In Nachbarland geflohen

Amini Bahram wurde in der afghanischen Hauptstadt Kabul geboren, wo sie später Medizin studierte und zwei Jahre als Frauen ärztin tätig war. "Gerade im Dorf sind die Frauen verschlossen, sie sind schüchtern", erzählt die 45-Jährige von ihrer Arbeit in Afghanistan. "Es ist schwer, denn viele der Frauen gehen nicht zur Kontrolle, sie besuchen erst den Arzt, wenn sie Komplikationen haben." In Kabul sei es einfacher: "Im Dorf gibt es kaum Krankenhäuser. Die Frauen müssen bei einem Notfall in die großen Städte fahren."

In den 1990ern floh Amini Bahram kriegsbedingt in das Nachbarland Pakistan, wo sie zwölf Jahre lebte und arbeitete, bevor sie auch dort der Konflikt einholte und sie mit ihren vier Kindern nach Wien migrierte.

Frauen informieren Frauen

Über Core sollen Frauen, die in ihrer Heimat Hebammen, Gynäkologinnen oder Kinderärztinnen waren, das österreichische Gesundheitssystem, administrative Abläufe und Fachtermini lernen.

Ihr Wissen gibt Amini Bahram weiter – auf Augenhöhe und, wenn möglich, in der eigenen Sprache. "Ich spreche mit den jungen Frauen in unserer Moschee über den Mutter-Kind-Pass oder Probleme bei Frühgeburten und Verhütung." Zielgruppe sind auch geflüchtete Frauen in Asylunterkünften. "Die Sensibilisierung für Themen wie HIV/Aids und Geschlechtskrankheiten oder Familienplanung ist für sie wichtig."

Engagement für Flüchtlinge

Javad Amiry wurde über Core zum Peer für Jugendliche.
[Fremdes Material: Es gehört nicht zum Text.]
(* $\Sigma[3]=\bigcup_{n\ge0}(\mathcal S_n[3]\cup\mathcal S'_n[3])=\mathcal S[3]\cap V_{\mathcal R}=\Sigma\cap V$, where $V_{\mathcal R}=V\cap\mathcal R^4$ and $\mathcal S[3]$ is the unit sphere of $V$.
   Context: Let $\tau=(1+\sqrt5)/2$, $\tau'=(1-\sqrt5)/2$, $\mathcal R=\mathbb{Z}[\frac12,\tau]$. Let $\Delta\subset\mathbb{R}^4$ be the set of 120 vectors consisting of: the 8 vectors obtained from $(\pm1,0,0,0)$ by permuting coordinates; the 16 vectors $\frac12(\pm1,\pm1,\pm1,\pm1)$; and the 96 vectors obtained from $\frac12(0,\pm1,\pm\tau',\pm\tau)$ (all sign choices) by even permutations of the coordinates; $\Delta'$ is its image under $\tau\leftrightarrow\tau'$ in each coordinate. For a unit vector $a$, $r_a(x)=x-2(x\cdot a)a$; $H^\infty$ is generated by $r_a$, $a\in\Delta\cup\Delta'$, and $\Sigma=H^\infty(\Delta\cup\Delta')$. Let $V=\{x\in\mathbb{R}^4:x_1=0\}$, $\Delta[3]=\Delta\cap V$, $\Delta[3]'=\Delta'\cap V$, $H^\infty[3]$ the group of orthogonal maps of $V$ generated by the reflections $r_a$, $a\in\Delta[3]\cup\Delta[3]'$, and $\Sigma[3]=H^\infty[3](\Delta[3]\cup\Delta[3]')$. Identify $V$ with $\mathbb{R}^3$ via the last three coordinates. Let $\mathbb F_4=\mathbb{Z}[\tau]/2\mathbb{Z}[\tau]$ with coordinatewise reduction $y\mapsto\bar y$. For $n\ge1$, $\mathcal S_n[3]=\{x\in2^{-n}\mathbb{Z}[\tau]^3: x\cdot x=1,\ \overline{2^nx}\in\{(\bar1,\bar{\tau'},\bar\tau),(\bar{\tau'},\bar\tau,\bar1),(\bar\tau,\bar1,\bar{\tau'})\}\}$, $\mathcal S'_n[3]$ the same with $\bar\tau,\bar{\tau'}$ interchanged, and $\mathcal S_0[3]=\mathcal S'_0[3]=\{(\pm1,0,0),(0,\pm1,0),(0,0,\pm1)\}$. *)

theory Defs
  imports "HOL-Analysis.Analysis"
begin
Das insgesamt mit sechs Millionen Euro dotierte dreijährige Projekt wird zu 80 Prozent aus EU-Geldern finanziert, 20 Prozent kommen aus Mitteln der Projektpartner.

Seit Amiry 2015 über die Balkanroute nach Österreich gekommen ist, engagiert er sich ehrenamtlich im Flüchtlingsbereich. In einem Ordner sammelt er akribisch Praktikumsbestätigungen.

Mit zwei Jahren verließ Amiry seine Heimat und floh in den Iran. Dort hat er seinen Vornamen geändert. "Ich heiße Batur, aber meine Familie wollte nicht, dass man schon vom Namen her weiß, dass ich Afghane bin", erzählt der 21-Jährige. "Als Afghanen zählen wir im Iran weniger, werden ständig diskriminiert", sagt er zu der Entscheidung, nach Europa zu gehen. Da ihn seine Mutter von klein auf gedrängt hatte, Englisch zu lernen, bot er sich in Unterkünften als Übersetzer an. Jetzt will er Vorbild und Integrationshelfer für Junge sein. "Die Leute wurden im Krieg geboren und sind im Krieg aufgewachsen", sagt Amiry: "Viele haben Fehlinformationen: Sie hören, sie sollen Betreuern nichts erzählen, es seien Zivilpolizisten, die sie abschieben würden. Mit mir reden sie, weil ich auch Afghane bin."

Es sei "schwierig mit Leuten, die aus bestimmten Regimen kommen", sagt auch Struppe: " Es ist eine grundsätzliche Ängstlichkeit dabei. Vertrauen entsteht leichter bei anderen Geflüchteten." (Oona Kroisleitner, 24.8.2017)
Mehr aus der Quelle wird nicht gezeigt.